» **Records supplied**:

(* Assume (AS1) and (AS2) below. Then the set $$\mathcal{C}=\Big\{\xi=(\xi_0,\xi_1,\dots,\xi_L)\in\mathbb{R}^{L+1}\;:\;\exists\,p\in\mathcal{P}\ \text{with}\ v(p)\ge \xi_0\ \text{and}\ u_i(p)\ge \xi_i+c_i\ \text{for all } i=1,\dots,L\Big\}$$ is convex.
   Context: Setting. Fix an integer $L\ge 1$ and a constant $P_{\max}>0$. A random channel matrix $H$ takes values in a set $\mathcal{H}\subseteq\mathbb{R}^{L\times L}$ and has distribution $\mu$ on the Borel $\sigma$-algebra of $\mathcal{H}$. $\mathbb{E}$ denotes expectation with respect to $\mu$. A power policy is a Borel-measurable map $p:\mathcal{H}\to\mathbb{R}^L$, $p(H)=(p_1(H),\dots,p_L(H))$. Fix a measurable "selection pattern" $\sigma:\mathcal{H}\to\{0,1\}^L$. (In the paper, $\sigma_i(H)=\mathbb{1}(p^\star_i(H)>0)$ is the zero/non-zero pattern of an optimal policy $p^\star$.) Define the feasible policy set $$\mathcal{P}=\{p \text{ measurable}: p(H)\in[0,P_{\max}]^L \text{ and } \mathbb{1}(p_i(H)>0)=\sigma_i(H)\ \text{for all } i \text{ and all } H\in\mathcal{H}\}.$$ Assume $\rho_i:=\mu(\{H:\sigma_i(H)=1\})>0$ for every $i$. Let $f_0:\mathbb{R}^L\times\mathbb{R}^{L\times L}\to\mathbb{R}^L$ and $f_{c,i}:\mathbb{R}^L\times\mathbb{R}^{L\times L}\to\mathbb{R}$ for $i=1,\dots,L$ be measurable. Assume that for every $p\in\mathcal{P}$ the functions $H\mapsto f_0(p(H),H)$ and $H\mapsto f_{c,i}(p(H),H)$ are $\mu$-integrable. Let $g:\mathbb{R}^L\to\mathbb{R}$. For $p\in\mathcal{P}$, define $$v(p)=g\big(\mathbb{E}[f_0(p(H),H)]\big),\qquad u_i(p)=\mathbb{E}\big[f_{c,i}(p(H),H)\,\big|\,p_i(H)>0\big]=\frac{1}{\rho_i}\int_{\{\sigma_i=1\}} f_{c,i}(p(H),H)\,d\mu.$$ Here $\mathbb{E}$ of a vector is taken componentwise. The constants $c_1,\dots,c_L\ge 0$ are fixed. Assumptions. (AS1) $\mu$ is non-atomic. (AS2) $g$ is concave and non-decreasing (componentwise). *)

theory Defs
  imports "HOL-Probability.Probability"
begin

text \<open>Channel matrices H are elements of real^'n^'n (L x L with L = CARD('n));
  power vectors are elements of real^'n. The distribution mu is the measure M.\<close>

definition nonatomic :: "'a measure \<Rightarrow> bool" where
  "nonatomic M \<longleftrightarrow> (\<forall>A\<in>sets M. measure M A > 0 \<longrightarrow>
      (\<exists>B\<in>sets M. B \<subseteq> A \<and> 0 < measure M B \<and> measure M B < measure M A))"

definition feasible_policies ::
  "('h::topological_space) measure \<Rightarrow> real \<Rightarrow> ('h \<Rightarrow> 'n::finite \<Rightarrow> bool) \<Rightarrow> ('h \<Rightarrow> real^'n) set" where
  "feasible_policies M Pmax \<sigma> =
     {p. p \<in> borel_measurable M \<and>
         (\<forall>H\<in>space M. \<forall>i. 0 \<le> p H $ i \<and> p H $ i \<le> Pmax \<and> ((p H $ i > 0) \<longleftrightarrow> \<sigma> H i))}"

definition objective ::
  "'h measure \<Rightarrow> (real^'n \<Rightarrow> real) \<Rightarrow> (real^'n::finite \<Rightarrow> 'h \<Rightarrow> real^'n) \<Rightarrow> ('h \<Rightarrow> real^'n) \<Rightarrow> real" where
  "objective M g f0 p = g (\<chi> j. (LINT H|M. f0 (p H) H $ j))"

definition cond_constraint ::
  "'h measure \<Rightarrow> ('h \<Rightarrow> 'n::finite \<Rightarrow> bool) \<Rightarrow> ('n \<Rightarrow> real^'n \<Rightarrow> 'h \<Rightarrow> real) \<Rightarrow> ('h \<Rightarrow> real^'n) \<Rightarrow> 'n \<Rightarrow> real" where
  "cond_constraint M \<sigma> fc p i =
     (LINT H:{H\<in>space M. \<sigma> H i}|M. fc i (p H) H) / measure M {H\<in>space M. \<sigma> H i}"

» **Assignment**: The data must be duplicated exactly, with nothing left out.

» **Completed task**:
(* Assume (AS1) and (AS2) below. Then the set $$\mathcal{C}=\Big\{\xi=(\xi_0,\xi_1,\dots,\xi_L)\in\mathbb{R}^{L+1}\;:\;\exists\,p\in\mathcal{P}\ \text{with}\ v(p)\ge \xi_0\ \text{and}\ u_i(p)\ge \xi_i+c_i\ \text{for all } i=1,\dots,L\Big\}$$ is convex.
   Context: Setting. Fix an integer $L\ge 1$ and a constant $P_{\max}>0$. A random channel matrix $H$ takes values in a set $\mathcal{H}\subseteq\mathbb{R}^{L\times L}$ and has distribution $\mu$ on the Borel $\sigma$-algebra of $\mathcal{H}$. $\mathbb{E}$ denotes expectation with respect to $\mu$. A power policy is a Borel-measurable map $p:\mathcal{H}\to\mathbb{R}^L$, $p(H)=(p_1(H),\dots,p_L(H))$. Fix a measurable "selection pattern" $\sigma:\mathcal{H}\to\{0,1\}^L$. (In the paper, $\sigma_i(H)=\mathbb{1}(p^\star_i(H)>0)$ is the zero/non-zero pattern of an optimal policy $p^\star$.) Define the feasible policy set $$\mathcal{P}=\{p \text{ measurable}: p(H)\in[0,P_{\max}]^L \text{ and } \mathbb{1}(p_i(H)>0)=\sigma_i(H)\ \text{for all } i \text{ and all } H\in\mathcal{H}\}.$$ Assume $\rho_i:=\mu(\{H:\sigma_i(H)=1\})>0$ for every $i$. Let $f_0:\mathbb{R}^L\times\mathbb{R}^{L\times L}\to\mathbb{R}^L$ and $f_{c,i}:\mathbb{R}^L\times\mathbb{R}^{L\times L}\to\mathbb{R}$ for $i=1,\dots,L$ be measurable. Assume that for every $p\in\mathcal{P}$ the functions $H\mapsto f_0(p(H),H)$ and $H\mapsto f_{c,i}(p(H),H)$ are $\mu$-integrable. Let $g:\mathbb{R}^L\to\mathbb{R}$. For $p\in\mathcal{P}$, define $$v(p)=g\big(\mathbb{E}[f_0(p(H),H)]\big),\qquad u_i(p)=\mathbb{E}\big[f_{c,i}(p(H),H)\,\big|\,p_i(H)>0\big]=\frac{1}{\rho_i}\int_{\{\sigma_i=1\}} f_{c,i}(p(H),H)\,d\mu.$$ Here $\mathbb{E}$ of a vector is taken componentwise. The constants $c_1,\dots,c_L\ge 0$ are fixed. Assumptions. (AS1) $\mu$ is non-atomic. (AS2) $g$ is concave and non-decreasing (componentwise). *)

theory Defs
  imports "HOL-Probability.Probability"
begin

text \<open>Channel matrices H are elements of real^'n^'n (L x L with L = CARD('n));
  power vectors are elements of real^'n. The distribution mu is the measure M.\<close>

definition nonatomic :: "'a measure \<Rightarrow> bool" where
  "nonatomic M \<longleftrightarrow> (\<forall>A\<in>sets M. measure M A > 0 \<longrightarrow>
      (\<exists>B\<in>sets M. B \<subseteq> A \<and> 0 < measure M B \<and> measure M B < measure M A))"

definition feasible_policies ::
  "('h::topological_space) measure \<Rightarrow> real \<Rightarrow> ('h \<Rightarrow> 'n::finite \<Rightarrow> bool) \<Rightarrow> ('h \<Rightarrow> real^'n) set" where
  "feasible_policies M Pmax \<sigma> =
     {p. p \<in> borel_measurable M \<and>
         (\<forall>H\<in>space M. \<forall>i. 0 \<le> p H $ i \<and> p H $ i \<le> Pmax \<and> ((p H $ i > 0) \<longleftrightarrow> \<sigma> H i))}"

definition objective ::
  "'h measure \<Rightarrow> (real^'n \<Rightarrow> real) \<Rightarrow> (real^'n::finite \<Rightarrow> 'h \<Rightarrow> real^'n) \<Rightarrow> ('h \<Rightarrow> real^'n) \<Rightarrow> real" where
  "objective M g f0 p = g (\<chi> j. (LINT H|M. f0 (p H) H $ j))"

definition cond_constraint ::
  "'h measure \<Rightarrow> ('h \<Rightarrow> 'n::finite \<Rightarrow> bool) \<Rightarrow> ('n \<Rightarrow> real^'n \<Rightarrow> 'h \<Rightarrow> real) \<Rightarrow> ('h \<Rightarrow> real^'n) \<Rightarrow> 'n \<Rightarrow> real" where
  "cond_constraint M \<sigma> fc p i =
     (LINT H:{H\<in>space M. \<sigma> H i}|M. fc i (p H) H) / measure M {H\<in>space M. \<sigma> H i}"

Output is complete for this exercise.